►

lemma collatz_wielandt_limit:
  assumes fin: "finite C" and tt: "tt \<longlonglongrightarrow> s" and lo: "\<forall>n. \<forall>v\<in>C. \<delta> \<le> zz n v"
    and prob: "\<forall>n. prob_vec C (zz n)" and ineq: "\<forall>n. \<forall>v\<in>C. tt n * zz n v \<le> mvmult C B (zz n) v"
  shows "\<exists>z. (\<forall>v\<in>C. \<delta> \<le> z v) \<and> prob_vec C z \<and> (\<forall>v\<in>C. s * z v \<le> mvmult C B z v)"
proof -
  have "\<forall>n. \<forall>v\<in>C. \<bar>zz n v\<bar> \<le> 1"
    using prob prob_vec_le_1[OF fin] unfolding prob_vec_def by (metis abs_of_nonneg)
  from bounded_family_convergent_subseq[OF fin this]
  obtain h where h: "strict_mono h" "\<forall>v\<in>C. convergent (\<lambda>n. zz (h n) v)" by blast
  define z where "z v = lim (\<lambda>n. zz (h n) v)" for v
  have zlim: "(\<lambda>n. zz (h n) v) \<longlonglongrightarrow> z v" if "v \<in> C" for v
    using h(2) that unfolding z_def by (simp add: convergent_LIMSEQ_iff)
  have "(\<lambda>n. tt (h n)) \<longlonglongrightarrow> s" using LIMSEQ_subseq_LIMSEQ[OF tt h(1)] by (simp add: o_def)
  then have "s * z v \<le> mvmult C B z v" if "v \<in> C" for v
    using that ineq by (intro LIMSEQ_le[OF tendsto_mult[OF _ zlim] tendsto_mvmult[OF zlim]]) auto
  moreover have "\<delta> \<le> z v" if "v \<in> C" for v using zlim[OF that] lo that by (intro LIMSEQ_le_const) auto
  moreover have "prob_vec C z"
  proof -
    have "(\<lambda>n. sum (zz (h n)) C) \<longlonglongrightarrow> sum z C" by (intro tendsto_sum zlim)
    then have "sum z C = 1" using prob unfolding prob_vec_def by (simp add: LIMSEQ_const_iff)
    moreover have "0 \<le> z v" if "v \<in> C" for v
      using zlim[OF that] prob that unfolding prob_vec_def by (intro LIMSEQ_le_const) auto
    ultimately show ?thesis unfolding prob_vec_def by auto
  qed
  ultimately show ?thesis by blast
qed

◄

▶ What you should do: All lines from the one containing "(intro tendsto_sum zlim)" to the last line above should be reproduced exactly, and no other lines should be given.

▶ Written answer:
    have "(\<lambda>n. sum (zz (h n)) C) \<longlonglongrightarrow> sum z C" by (intro tendsto_sum zlim)
    then have "sum z C = 1" using prob unfolding prob_vec_def by (simp add: LIMSEQ_const_iff)
    moreover have "0 \<le> z v" if "v \<in> C" for v
      using zlim[OF that] prob that unfolding prob_vec_def by (intro LIMSEQ_le_const) auto
    ultimately show ?thesis unfolding prob_vec_def by auto
  qed
  ultimately show ?thesis by blast
qed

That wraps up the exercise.